What you should do> A complete, exact retyping of the data below is required.

The data>
BEGIN

text \<open>Since descendant sets of G and G' differ only by Y, a collider that is opened in G only
  by conditioning on A is an ancestor of A in G'. An active path from I to Y in G thus yields,
  in G', an active path to Y from I or from A.\<close>
lemma d_sep_irrelevant_outcome:
  assumes I: "I \<subseteq> irrelevant_vars V E A Y" and K: "K \<subseteq> V - {A, Y}"
    and sep: "d_sep V E' {A} {Y} K"
  shows "d_sep V E I {Y} (insert A K)"
  unfolding d_sep_def
proof
  assume "\<exists>p. is_path V E p \<and> hd p \<in> I \<and> last p \<in> {Y} \<and> active_path E (insert A K) p"
  then obtain p where p: "is_path V E p" "hd p \<in> I" "last p = Y" "active_path E (insert A K) p"
    by auto
  have hd_irr: "hd p \<in> irrelevant_vars V E A Y" using I p(2) by (rule subsetD)
  then have irr: "d_sep V E' {hd p} {Y} K" by (rule irrelevant_vars_d_sep[OF _ K])
  have "hd p \<noteq> A" using irrelevant_vars_subset hd_irr by fastforce
  then have p': "is_path V E' p" using is_path_edges'_to_Y[OF p(1) _ p(3,4)] by simp
  have "unblocked_at E' K p i \<or> (collider E' p i \<and> (p ! i, A) \<in> E'\<^sup>*)"
    if i: "0 < i" "Suc i < length p" for i
  proof -
    have "p ! i \<noteq> Y" using nth_ne_last[OF _ i(2)] p(1,3) by (simp add: is_path_def)
    then have col: "collider E' p i = collider E p i" by (rule collider_edges')
    have "unblocked_at E (insert A K) p i"
      using p(4) i by (simp add: active_path_iff_unblocked_at)
    moreover have "Y \<notin> insert A K" using K A_ne_Y by auto
    ultimately show ?thesis
      using descendants_subset_insert_Y[of "p ! i"] col
      by (auto simp: unblocked_at_def descendants_def split: if_splits)
  qed
  then have "active_path E' K p \<or>
      (\<exists>q. is_path V E' q \<and> hd q = A \<and> last q = last p \<and> active_path E' K q)"
    by (intro active_path_or_ancestor_collider[OF acyclic' edges_in' p'])
  then show False using irr sep p(3) p' unfolding d_sep_def by auto
qed
lemma Dirichlet_approx_simult_large:
  fixes \<theta> :: "nat \<Rightarrow> real" and M :: real and m :: nat
  assumes "m > 0"
  obtains q :: int and p :: "nat \<Rightarrow> int"
  where "q > M" "q > 0" "\<And>i. i < m \<Longrightarrow> \<bar>of_int q * \<theta> i - of_int (p i)\<bar> \<le> of_int q powr (-1 / m)"
proof -
  \<comment> \<open>Either some q \<le> M makes every q * \<theta> i an integer, and its multiples work, or the
    finitely many q \<le> M stay uniformly away from integers, and a fine enough Dirichlet
    approximation must use some q > M.\<close>
  consider (integral) q\<^sub>0 :: int where "q\<^sub>0 \<in> {1..\<lfloor>M\<rfloor>}" "\<And>i. i < m \<Longrightarrow> of_int q\<^sub>0 * \<theta> i \<in> \<int>"
    | (generic) "\<And>q. q \<in> {1..\<lfloor>M\<rfloor>} \<Longrightarrow> \<exists>i<m. of_int q * \<theta> i \<notin> \<int>"
    by blast
  then show thesis
  proof cases
    case integral
    define q where "q = q\<^sub>0 * (\<lfloor>M\<rfloor> + 1)"
    have "\<lfloor>M\<rfloor> + 1 \<le> q"
      using integral(1) mult_right_mono[of 1 q\<^sub>0 "\<lfloor>M\<rfloor> + 1"] by (simp add: q_def)
    moreover have "1 \<le> \<lfloor>M\<rfloor>"
      using integral(1) by (metis atLeastAtMost_iff order_trans)
    ultimately have "q > M" "q > 0"
      by linarith+
    have "\<exists>k::int. of_int q * \<theta> i = of_int k" if "i < m" for i
    proof -
      have "of_int q * \<theta> i = of_int (\<lfloor>M\<rfloor> + 1) * (of_int q\<^sub>0 * \<theta> i)"
        by (simp add: q_def)
      also have "\<dots> \<in> \<int>"
        by (rule Ints_mult[OF Ints_of_int integral(2)[OF that]])
      finally show ?thesis
        by (auto elim: Ints_cases)
    qed
    then obtain p :: "nat \<Rightarrow> int" where "\<And>i. i < m \<Longrightarrow> of_int q * \<theta> i = of_int (p i)"
      by metis
    with \<open>q > M\<close> \<open>q > 0\<close> show thesis
      by (intro that[of q p]) auto
  next
    case generic
    define S where "S = (\<lambda>(q, i). of_int q * \<theta> i) ` ({1..\<lfloor>M\<rfloor>} \<times> {..<m}) - \<int>"
    obtain \<eta> where "\<eta> > 0" and \<eta>: "\<And>x p. x \<in> S \<Longrightarrow> \<eta> \<le> \<bar>x - of_int p\<bar>"
      by (rule finite_set_uniformly_far_from_Ints[of S]) (auto simp: S_def)
    obtain N :: nat where "N > 0" "1 / N < \<eta>"
      using ex_inverse_of_nat_less[OF \<open>\<eta> > 0\<close>] by (auto simp: divide_inverse)
    obtain q p where "0 < q" "q \<le> int (N ^ m)"
      and close: "\<And>i. i < m \<Longrightarrow> \<bar>of_int q * \<theta> i - of_int (p i)\<bar> < 1 / N"
      using Dirichlet_approx_simult[OF \<open>N > 0\<close>] by metis
    have "q > M"
    proof (rule ccontr)
      assume "\<not> q > M"
      then have "q \<in> {1..\<lfloor>M\<rfloor>}"
        using \<open>0 < q\<close> by (simp add: le_floor_iff)
      then obtain i where "i < m" "of_int q * \<theta> i \<notin> \<int>"
        using generic by blast
      then have "of_int q * \<theta> i \<in> S"
        using \<open>q \<in> {1..\<lfloor>M\<rfloor>}\<close> by (auto simp: S_def)
      then show False
        using \<eta> close[OF \<open>i < m\<close>] \<open>1 / N < \<eta>\<close> by (meson le_less_trans not_less_iff_gr_or_eq)
    qed
    have "of_int q \<le> real N ^ m"
      using \<open>q \<le> int (N ^ m)\<close> by (metis of_int_le_iff of_int_of_nat_eq of_nat_power)
    then have "1 / N \<le> of_int q powr (-1 / m)"
      using \<open>0 < q\<close> \<open>N > 0\<close> assms by (intro inverse_le_powr_of_le_power) auto
    with \<open>q > M\<close> \<open>0 < q\<close> close show thesis
      by (intro that[of q p]) (auto intro: less_imp_le less_le_trans)
  qed
qed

END

Output of the task>
text \<open>Since descendant sets of G and G' differ only by Y, a collider that is opened in G only
  by conditioning on A is an ancestor of A in G'. An active path from I to Y in G thus yields,
  in G', an active path to Y from I or from A.\<close>
lemma d_sep_irrelevant_outcome:
  assumes I: "I \<subseteq> irrelevant_vars V E A Y" and K: "K \<subseteq> V - {A, Y}"
    and sep: "d_sep V E' {A} {Y} K"
  shows "d_sep V E I {Y} (insert A K)"
  unfolding d_sep_def
proof
  assume "\<exists>p. is_path V E p \<and> hd p \<in> I \<and> last p \<in> {Y} \<and> active_path E (insert A K) p"
  then obtain p where p: "is_path V E p" "hd p \<in> I" "last p = Y" "active_path E (insert A K) p"
    by auto
  have hd_irr: "hd p \<in> irrelevant_vars V E A Y" using I p(2) by (rule subsetD)
  then have irr: "d_sep V E' {hd p} {Y} K" by (rule irrelevant_vars_d_sep[OF _ K])
  have "hd p \<noteq> A" using irrelevant_vars_subset hd_irr by fastforce
  then have p': "is_path V E' p" using is_path_edges'_to_Y[OF p(1) _ p(3,4)] by simp
  have "unblocked_at E' K p i \<or> (collider E' p i \<and> (p ! i, A) \<in> E'\<^sup>*)"
    if i: "0 < i" "Suc i < length p" for i
  proof -
    have "p ! i \<noteq> Y" using nth_ne_last[OF _ i(2)] p(1,3) by (simp add: is_path_def)
    then have col: "collider E' p i = collider E p i" by (rule collider_edges')
    have "unblocked_at E (insert A K) p i"
      using p(4) i by (simp add: active_path_iff_unblocked_at)
    moreover have "Y \<notin> insert A K" using K A_ne_Y by auto
    ultimately show ?thesis
      using descendants_subset_insert_Y[of "p ! i"] col
      by (auto simp: unblocked_at_def descendants_def split: if_splits)
  qed
  then have "active_path E' K p \<or>
      (\<exists>q. is_path V E' q \<and> hd q = A \<and> last q = last p \<and> active_path E' K q)"
    by (intro active_path_or_ancestor_collider[OF acyclic' edges_in' p'])
  then show False using irr sep p(3) p' unfolding d_sep_def by auto
qed
lemma Dirichlet_approx_simult_large:
  fixes \<theta> :: "nat \<Rightarrow> real" and M :: real and m :: nat
  assumes "m > 0"
  obtains q :: int and p :: "nat \<Rightarrow> int"
  where "q > M" "q > 0" "\<And>i. i < m \<Longrightarrow> \<bar>of_int q * \<theta> i - of_int (p i)\<bar> \<le> of_int q powr (-1 / m)"
proof -
  \<comment> \<open>Either some q \<le> M makes every q * \<theta> i an integer, and its multiples work, or the
    finitely many q \<le> M stay uniformly away from integers, and a fine enough Dirichlet
    approximation must use some q > M.\<close>
  consider (integral) q\<^sub>0 :: int where "q\<^sub>0 \<in> {1..\<lfloor>M\<rfloor>}" "\<And>i. i < m \<Longrightarrow> of_int q\<^sub>0 * \<theta> i \<in> \<int>"
    | (generic) "\<And>q. q \<in> {1..\<lfloor>M\<rfloor>} \<Longrightarrow> \<exists>i<m. of_int q * \<theta> i \<notin> \<int>"
    by blast
  then show thesis
  proof cases
    case integral
    define q where "q = q\<^sub>0 * (\<lfloor>M\<rfloor> + 1)"
    have "\<lfloor>M\<rfloor> + 1 \<le> q"
      using integral(1) mult_right_mono[of 1 q\<^sub>0 "\<lfloor>M\<rfloor> + 1"] by (simp add: q_def)
    moreover have "1 \<le> \<lfloor>M\<rfloor>"
      using integral(1) by (metis atLeastAtMost_iff order_trans)
    ultimately have "q > M" "q > 0"
      by linarith+
    have "\<exists>k::int. of_int q * \<theta> i = of_int k" if "i < m" for i
    proof -
      have "of_int q * \<theta> i = of_int (\<lfloor>M\<rfloor> + 1) * (of_int q\<^sub>0 * \<theta> i)"
        by (simp add: q_def)
      also have "\<dots> \<in> \<int>"
        by (rule Ints_mult[OF Ints_of_int integral(2)[OF that]])
      finally show ?thesis
        by (auto elim: Ints_cases)
    qed
    then obtain p :: "nat \<Rightarrow> int" where "\<And>i. i < m \<Longrightarrow> of_int q * \<theta> i = of_int (p i)"
      by metis
    with \<open>q > M\<close> \<open>q > 0\<close> show thesis
      by (intro that[of q p]) auto
  next
    case generic
    define S where "S = (\<lambda>(q, i). of_int q * \<theta> i) ` ({1..\<lfloor>M\<rfloor>} \<times> {..<m}) - \<int>"
    obtain \<eta> where "\<eta> > 0" and \<eta>: "\<And>x p. x \<in> S \<Longrightarrow> \<eta> \<le> \<bar>x - of_int p\<bar>"
      by (rule finite_set_uniformly_far_from_Ints[of S]) (auto simp: S_def)
    obtain N :: nat where "N > 0" "1 / N < \<eta>"
      using ex_inverse_of_nat_less[OF \<open>\<eta> > 0\<close>] by (auto simp: divide_inverse)
    obtain q p where "0 < q" "q \<le> int (N ^ m)"
      and close: "\<And>i. i < m \<Longrightarrow> \<bar>of_int q * \<theta> i - of_int (p i)\<bar> < 1 / N"
      using Dirichlet_approx_simult[OF \<open>N > 0\<close>] by metis
    have "q > M"
    proof (rule ccontr)
      assume "\<not> q > M"
      then have "q \<in> {1..\<lfloor>M\<rfloor>}"
        using \<open>0 < q\<close> by (simp add: le_floor_iff)
      then obtain i where "i < m" "of_int q * \<theta> i \<notin> \<int>"
        using generic by blast
      then have "of_int q * \<theta> i \<in> S"
        using \<open>q \<in> {1..\<lfloor>M\<rfloor>}\<close> by (auto simp: S_def)
      then show False
        using \<eta> close[OF \<open>i < m\<close>] \<open>1 / N < \<eta>\<close> by (meson le_less_trans not_less_iff_gr_or_eq)
    qed
    have "of_int q \<le> real N ^ m"
      using \<open>q \<le> int (N ^ m)\<close> by (metis of_int_le_iff of_int_of_nat_eq of_nat_power)
    then have "1 / N \<le> of_int q powr (-1 / m)"
      using \<open>0 < q\<close> \<open>N > 0\<close> assms by (intro inverse_le_powr_of_le_power) auto
    with \<open>q > M\<close> \<open>0 < q\<close> close show thesis
      by (intro that[of q p]) (auto intro: less_imp_le less_le_trans)
  qed
qed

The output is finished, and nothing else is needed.